Маргарет Этвуд - Слепой убийца
До определенных пределов, разумеется.
Официантка в синем халатике принесла кофе. И плюшку — увидев её, я сразу поняла, что погорячилась. Прямо не знала, как к ней подступиться. Теперь в ресторанах все слишком огромное и тяжелое: материальный мир являет себя огромными непропеченными комьями теста.
Выпив кофе, сколько смогла, я отправилась в туалет. Прошлогодние надписи в средней кабинке закрасили, но, к счастью, сезон уже открылся. В правом верхнем углу одни инициалы признавались в любви другим, как это у них водится. Ниже — аккуратные синие печатные буквы:
Здравый смысл приходит благодаря опыту. Опыт приходит благодаря отсутствию здравого смысла.
Под этим фиолетовой шариковой авторучкой курсив: Если нужна девушка с опытом, звоните Аните, Умелому Ротику. Улетите под небеса — и номер телефона.

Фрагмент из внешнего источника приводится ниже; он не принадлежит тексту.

(* Let $\mathcal D$ be a dyadic grid on $\mathbb T$, let $v$ be a weight on $\mathbb D$ that is doubling with respect to $\mathcal D$ with constant $c_v$, and let $w\in\mathrm{B}_\infty(\mathcal D,v)$ satisfy the APR($\mathcal D$) condition. Then there exists $\tau>1$, depending only on $[w]_{\mathrm{B}_\infty(\mathcal D,v)}$ and $c_v$, such that $w\in\mathrm{RH}_\tau(\mathcal D,v)$.
   Context: $\mathbb D$ is the open unit disc, $\mathbb T$ the unit circle, $dA$ normalized area measure. A weight is a locally integrable, a.e. positive function. For measurable $f$, $0<p<\infty$, weight $v$, measurable $E$: $\langle f\rangle_{p,v,E}=\big(\int_E|f|^pv\,dA\big)^{1/p}/\big(\int_Ev\,dA\big)^{1/p}$, $\langle f\rangle_{v,E}=\langle f\rangle_{1,v,E}$. For an arc $I\subset\mathbb T$ with center $e^{i\theta_0}$ and normalized arclength $\ell(I)$ ($\ell(\mathbb T)=1$), $Q_I=\{re^{i\theta}\in\mathbb D:1-r\le\ell(I),|\theta-\theta_0|\le\ell(I)/2\}$ and $T_I=\{re^{i\theta}\in\mathbb D:\ell(I)/2\le1-r\le\ell(I),|\theta-\theta_0|\le\ell(I)/2\}$. A dyadic grid $\mathcal D$ is a collection of arcs of $\mathbb T$ such that: for each $k\in\mathbb N$, $\{I\in\mathcal D:\ell(I)=2^{-k}\}$ partitions $\mathbb T$; $\{T_I:I\in\mathcal D\}$ partitions $\mathbb D$; any two arcs of $\mathcal D$ are disjoint or nested; each $I\in\mathcal D$ is the union of $2^k$ arcs of $\mathcal D$ of length $2^{-k}\ell(I)$. $v$ is doubling with respect to $\mathcal D$ if there is $c_v>0$ such that for all $I\subset J$ in $\mathcal D$ with $\ell(J)=2\ell(I)$, $c_v^{-1}\int_{Q_J}v\,dA\le\int_{Q_I}v\,dA\le c_v\int_{T_I}v\,dA$. $M_v^{\mathcal D}f(z)=\sup_{I\in\mathcal D:z\in Q_I}\langle f\rangle_{v,Q_I}$. $w\in\mathrm{B}_\infty(\mathcal D,v)$ if $[w]_{\mathrm{B}_\infty(\mathcal D,v)}=\sup_{I\in\mathcal D}\langle M_v^{\mathcal D}(w\chi_{Q_I})\rangle_{v,Q_I}/\langle w\rangle_{v,Q_I}<\infty$. $w$ satisfies APR($\mathcal D$) if there is $C>0$ with $C^{-1}w(z_2)\le w(z_1)\le Cw(z_2)$ for all $z_1,z_2\in T_I$ and all $I\in\mathcal D$. For $1<s<\infty$, $w\in\mathrm{RH}_s(\mathcal D,v)$ if $\sup_{I\in\mathcal D}\langle w\rangle_{s,v,Q_I}(\langle w\rangle_{v,Q_I})^{-1}<\infty$. *)

theory Defs
  imports "HOL-Analysis.Analysis"
begin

И ещё ниже — печатными буквами, красным фломастером: Близится Судный день. Готовься к Неизбежному — это относится к тебе, Анита.

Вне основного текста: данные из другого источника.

(* Let $\Gamma=(Q,A,E,(\delta_e)_{e\in E})$ be an MEMDP, $q\in Q$, and $W$ a parity objective. Then $$\sup_{\tau\in\mathcal D(\mathrm{Strat}(Q,A))}\mathrm{val}^{\mathrm{uni}}_q(\Gamma,\tau,W)=\mathrm{val}^{\mathrm{uni}}_q(\Gamma,W).$$
   Context: $\mathcal D(X)$ is the set of distributions on $X$ with countable support. An MDP $G=(Q,A,\delta)$ has finite non-empty $Q,A$ and $\delta:Q\times A\to\mathcal D(Q)$; strategies are maps $\sigma:Q\cdot(A\cdot Q)^*\to\mathcal D(A)$, $\mathrm{Strat}(Q,A)$ is their set, and $\mathbb P^\sigma_q[G,\cdot]$ is the induced probability measure on infinite runs from $q$ (infinite state sequences measured by projection). A mixed strategy is $\tau\in\mathcal D(\mathrm{Strat}(Q,A))$ (countable support), with $\mathbb P^\tau_q[G,\cdot]:=\sum_\sigma\tau(\sigma)\mathbb P^\sigma_q[G,\cdot]$. A parity objective given by $f:Q\to\mathbb N$ is the set of infinite state sequences whose maximal label seen infinitely often is even. An MEMDP is $\Gamma=(Q,A,E,(\delta_e)_{e\in E})$ with $E$ finite non-empty and each $\Gamma[e]=(Q,A,\delta_e)$ an MDP. $\mathrm{val}^{\mathrm{uni}}_q(\Gamma,\tau,W)=\min_{e\in E}\mathbb P^\tau_q[\Gamma[e],W]$ and $\mathrm{val}^{\mathrm{uni}}_q(\Gamma,W)=\sup_{\sigma\in\mathrm{Strat}(Q,A)}\min_{e\in E}\mathbb P^\sigma_q[\Gamma[e],W]$. *)

theory Defs
  imports "HOL-Probability.Probability"
begin

type_synonym ('q, 'a) hist = "'q \<times> ('a \<times> 'q) list"

text \<open>Strategies: maps from histories to distributions with countable support (pmf) on actions.
  Strat(Q,A) is the set of all such functions (the whole function type).\<close>
type_synonym ('q, 'a) strat = "('q, 'a) hist \<Rightarrow> 'a pmf"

Иногда я думаю — нет, фантазирую: может, эти надписи в туалете оставляет Лора — на расстоянии управляет руками девушек. Глупейшая мысль, но забавная — до следующего логического шага: значит, все эти сентенции предназначены мне — кого ещё в городе Лора знает? Но если мне, что же она имеет в виду? Не то, что говорит.

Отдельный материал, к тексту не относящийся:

(* For every $\mathbf{h},\mathbf{k}\in\mathbb{N}^n$, letting $t:=|\mathbf{h}+\mathbf{k}|=\deg(\mathbf{x}^{\mathbf{h}}(1-\mathbf{x})^{\mathbf{k}})$, one has $1-\mathbf{x}^{\mathbf{h}}(1-\mathbf{x})^{\mathbf{k}}+C'_t\in M_{2\lceil t/2\rceil}(g_1,\dots,g_n)$, where $g_i:=x_i(1-x_i)$.
   Context: $\mathbf{x}=(x_1,\dots,x_n)$, $\mathbf{x}^{\mathbf{h}}(1-\mathbf{x})^{\mathbf{k}}:=\prod_{i=1}^n x_i^{h_i}(1-x_i)^{k_i}$, $|\mathbf{a}|=\sum_i a_i$. $\Sigma[\mathbf{x}]$ denotes sums of squares of real polynomials; the $r$-truncated quadratic module is $M_r(g_1,\dots,g_n):=\{\sigma_0+\sum_{i=1}^n\sigma_i g_i:\ \sigma_i\in\Sigma[\mathbf{x}],\ \deg\sigma_0\le r,\ \deg(\sigma_i g_i)\le r\}$. For each positive integer $j$, $C_j\le 1$ denotes a constant such that $\prod_{i=1}^j x_i+C_j\in M_{2\lceil j/2\rceil}(g_1,\dots,g_j)$ (in the $j$ variables $x_1,\dots,x_j$), with $C_1:=0$; such constants exist. Then $C'_t:=\sum_{j=1}^t C_j$. *)

theory Defs
  imports Complex_Main "HOL-Library.Poly_Mapping"
begin

text \<open>Real multivariate polynomials in variables x_i (i :: nat), represented as
  finitely supported maps from monomials (exponent vectors) to real coefficients.\<close>

type_synonym mpoly = "(nat \<Rightarrow>\<^sub>0 nat) \<Rightarrow>\<^sub>0 real"

definition Var :: "nat \<Rightarrow> mpoly" where
  "Var i = Poly_Mapping.single (Poly_Mapping.single i 1) 1"

definition Const :: "real \<Rightarrow> mpoly" where
  "Const c = Poly_Mapping.single 0 c"

text \<open>Total degree of a monomial and of a polynomial (degree of 0 is 0).\<close>
definition mdeg :: "(nat \<Rightarrow>\<^sub>0 nat) \<Rightarrow> nat" where
  "mdeg m = (\<Sum>i\<in>Poly_Mapping.keys m. Poly_Mapping.lookup m i)"

definition tdeg :: "mpoly \<Rightarrow> nat" where
  "tdeg p = Max (insert 0 (mdeg ` Poly_Mapping.keys p))"

definition vars :: "mpoly \<Rightarrow> nat set" where
  "vars p = \<Union> (Poly_Mapping.keys ` Poly_Mapping.keys p)"

definition sos :: "nat set \<Rightarrow> mpoly set" where
  "sos V = {p. \<exists>qs. p = sum_list (map (\<lambda>q. q * q) qs) \<and> (\<forall>q\<in>set qs. vars q \<subseteq> V)}"

definition qmod :: "nat set \<Rightarrow> (nat \<Rightarrow> mpoly) \<Rightarrow> nat \<Rightarrow> mpoly set" where
  "qmod I g r = {p. \<exists>\<sigma>0 \<sigma>. \<sigma>0 \<in> sos I \<and> (\<forall>i\<in>I. \<sigma> i \<in> sos I)
      \<and> tdeg \<sigma>0 \<le> r \<and> (\<forall>i\<in>I. tdeg (\<sigma> i * g i) \<le> r)
      \<and> p = \<sigma>0 + (\<Sum>i\<in>I. \<sigma> i * g i)}"

definition gbox :: "nat \<Rightarrow> mpoly" where
  "gbox i = Var i * (1 - Var i)"

end

theory Submission
  imports Defs
begin

text \<open>Write \<open>x\<^sup>h(1 - x)\<^sup>k\<close> as a product \<open>l\<^sub>1 \<cdots> l\<^sub>t\<close> of literals \<open>l \<in> {x\<^sub>i, 1 - x\<^sub>i}\<close> and telescope:
  \<open>1 - l\<^sub>1 \<cdots> l\<^sub>t = \<Sum>\<^sub>j (1 - l\<^sub>j) l\<^sub>j\<^sub>+\<^sub>1 \<cdots> l\<^sub>t\<close>, where the \<open>j\<close>-th summand is itself a product of
  \<open>t - j + 1\<close> literals. Substituting \<open>m\<close> literals for \<open>x\<^sub>1, \<dots>, x\<^sub>m\<close> in a certificate for
  \<open>x\<^sub>1 \<cdots> x\<^sub>m + C\<^sub>m\<close> yields a certificate of the same degree for their product plus \<open>C\<^sub>m\<close>:
  the substitution is affine, preserves sums of squares, and sends the generator of a variable
  replaced by \<open>l\<close> to \<open>l(1 - l) = x\<^sub>i(1 - x\<^sub>i) = g\<^sub>i\<close>. Adding these \<open>t\<close> certificates, whose constants
  sum to \<open>C'\<^sub>t\<close>, gives the claim.\<close>

lemma Const_add: "Const (a + b) = Const a + Const b"
  by (simp add: Const_def single_add)

lemma Const_mult: "Const a * Const b = Const (a * b)"
  by (simp add: Const_def mult_single)

lemma Const_0 [simp]: "Const 0 = 0"
  by (simp add: Const_def)

lemma Const_1 [simp]: "Const 1 = 1"
  by (simp add: Const_def)

lemma poly_mapping_sum_single:
  "p = (\<Sum>m\<in>Poly_Mapping.keys p. Poly_Mapping.single m (Poly_Mapping.lookup p m))"
proof (rule poly_mapping_eqI)
  fix k
  show "Poly_Mapping.lookup p k =
      Poly_Mapping.lookup (\<Sum>m\<in>Poly_Mapping.keys p. Poly_Mapping.single m (Poly_Mapping.lookup p m)) k"
    by (cases "k \<in> Poly_Mapping.keys p") (auto simp: lookup_sum lookup_single when_def in_keys_iff)
qed

subsection \<open>Total degree\<close>

lemma mdeg_eq_sum:
  "finite S \<Longrightarrow> Poly_Mapping.keys m \<subseteq> S \<Longrightarrow> mdeg m = (\<Sum>i\<in>S. Poly_Mapping.lookup m i)"
  unfolding mdeg_def by (rule sum.mono_neutral_left) (auto simp: in_keys_iff)

lemma mdeg_add: "mdeg (a + b) = mdeg a + mdeg b"
proof -
  let ?S = "Poly_Mapping.keys a \<union> Poly_Mapping.keys b"
  have "mdeg (a + b) = (\<Sum>i\<in>?S. Poly_Mapping.lookup (a + b) i)"
    by (rule mdeg_eq_sum) (auto dest: keys_add[THEN subsetD])
  also have "\<dots> = (\<Sum>i\<in>?S. Poly_Mapping.lookup a i) + (\<Sum>i\<in>?S. Poly_Mapping.lookup b i)"
    by (simp add: lookup_add sum.distrib)
  also have "\<dots> = mdeg a + mdeg b"
    using mdeg_eq_sum[of ?S a] mdeg_eq_sum[of ?S b] by simp
  finally show ?thesis .
qed

lemma tdeg_le_iff: "tdeg p \<le> r \<longleftrightarrow> (\<forall>m\<in>Poly_Mapping.keys p. mdeg m \<le> r)"
  unfolding tdeg_def by auto

lemma tdeg_Const [simp]: "tdeg (Const c) = 0"
  by (simp add: tdeg_def Const_def mdeg_def)

lemma tdeg_0 [simp]: "tdeg 0 = 0"
  using tdeg_Const[of 0] by simp

lemma tdeg_1 [simp]: "tdeg 1 = 0"
  using tdeg_Const[of 1] by simp

lemma tdeg_Var_le: "tdeg (Var i) \<le> 1"
  by (simp add: tdeg_le_iff Var_def mdeg_def)

lemma tdeg_add_le: "tdeg p \<le> r \<Longrightarrow> tdeg q \<le> r \<Longrightarrow> tdeg (p + q) \<le> r"
  unfolding tdeg_le_iff using keys_add[of p q] by blast

lemma tdeg_diff_le: "tdeg p \<le> r \<Longrightarrow> tdeg q \<le> r \<Longrightarrow> tdeg (p - q) \<le> r"
  unfolding tdeg_le_iff using keys_diff[of p q] by blast

lemma tdeg_sum_le: "(\<And>i. i \<in> S \<Longrightarrow> tdeg (F i) \<le> r) \<Longrightarrow> tdeg (sum F S) \<le> r"
  by (induction S rule: infinite_finite_induct) (auto intro: tdeg_add_le)

lemma tdeg_mult_le: "tdeg (p * q) \<le> tdeg p + tdeg q"
  unfolding tdeg_le_iff
proof
  fix m assume "m \<in> Poly_Mapping.keys (p * q)"
  then obtain a b where "m = a + b" "a \<in> Poly_Mapping.keys p" "b \<in> Poly_Mapping.keys q"
    using keys_mult[of p q] by blast
  then show "mdeg m \<le> tdeg p + tdeg q"
    using tdeg_le_iff[of p "tdeg p"] tdeg_le_iff[of q "tdeg q"] by (auto simp: mdeg_add intro: add_mono)
qed

lemma tdeg_prod_le: "tdeg (prod F S) \<le> (\<Sum>i\<in>S. tdeg (F i))"
proof (induction S rule: infinite_finite_induct)
  case (insert i S)
  then show ?case using tdeg_mult_le[of "F i" "prod F S"] by simp
qed simp_all

lemma tdeg_power_le: "tdeg (p ^ k) \<le> k * tdeg p"
proof (induction k)
  case (Suc k)
  then show ?case using tdeg_mult_le[of p "p ^ k"] by simp
qed simp

lemma vars_Const [simp]: "vars (Const c) = {}"
  by (simp add: vars_def Const_def)

lemma vars_0 [simp]: "vars 0 = {}"
  using vars_Const[of 0] by simp

lemma vars_1 [simp]: "vars 1 = {}"
  using vars_Const[of 1] by simp

lemma vars_Var [simp]: "vars (Var i) = {i}"
  by (simp add: vars_def Var_def)

lemma vars_add: "vars (p + q) \<subseteq> vars p \<union> vars q"
  unfolding vars_def using keys_add[of p q] by blast

lemma vars_diff: "vars (p - q) \<subseteq> vars p \<union> vars q"
  unfolding vars_def using keys_diff[of p q] by blast

lemma vars_mult: "vars (p * q) \<subseteq> vars p \<union> vars q"
proof
  fix x assume "x \<in> vars (p * q)"
  then obtain m where x: "x \<in> Poly_Mapping.keys m" and m: "m \<in> Poly_Mapping.keys (p * q)"
    by (auto simp: vars_def)
  obtain a b where "m = a + b" "a \<in> Poly_Mapping.keys p" "b \<in> Poly_Mapping.keys q"
    using m keys_mult[of p q] by blast
  then show "x \<in> vars p \<union> vars q"
    using x keys_add[of a b] by (auto simp: vars_def)
qed

lemma vars_sum: "vars (sum F S) \<subseteq> (\<Union>i\<in>S. vars (F i))"
  by (induction S rule: infinite_finite_induct) (use vars_add in fastforce)+

lemma vars_prod: "vars (prod F S) \<subseteq> (\<Union>i\<in>S. vars (F i))"
  by (induction S rule: infinite_finite_induct) (use vars_mult in fastforce)+

lemma vars_power: "vars (p ^ k) \<subseteq> vars p"
  by (induction k) (use vars_mult in fastforce)+

subsection \<open>Substitution\<close>

definition monom_subst :: "(nat \<Rightarrow> mpoly) \<Rightarrow> (nat \<Rightarrow>\<^sub>0 nat) \<Rightarrow> mpoly" where
  "monom_subst f m = (\<Prod>i\<in>Poly_Mapping.keys m. f i ^ Poly_Mapping.lookup m i)"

Порой мне ужасно хочется присоединиться, внести свою лепту, влить дребезжащий голос в анонимный хор увечных серенад, нацарапанных любовных посланий, скабрезных объявлений, гимнов и проклятий:
Начерчено пером — и невозможноНи благочестию, ни мудрости тревожнойНи слова вычеркнуть. Слезами хоть залейся,Ни буквы ты не смоешь, как ни бейся.[107]
Ха, думаю я. То-то вы взовьетесь.
Однажды, когда мне станет получше, я вернусь и действительно напишу. Это их приободрит — они же этого хотят. К чему мы все стремимся? Оставить слова, что подействуют, пусть чудовищно, отправить послание, что нельзя не прочесть.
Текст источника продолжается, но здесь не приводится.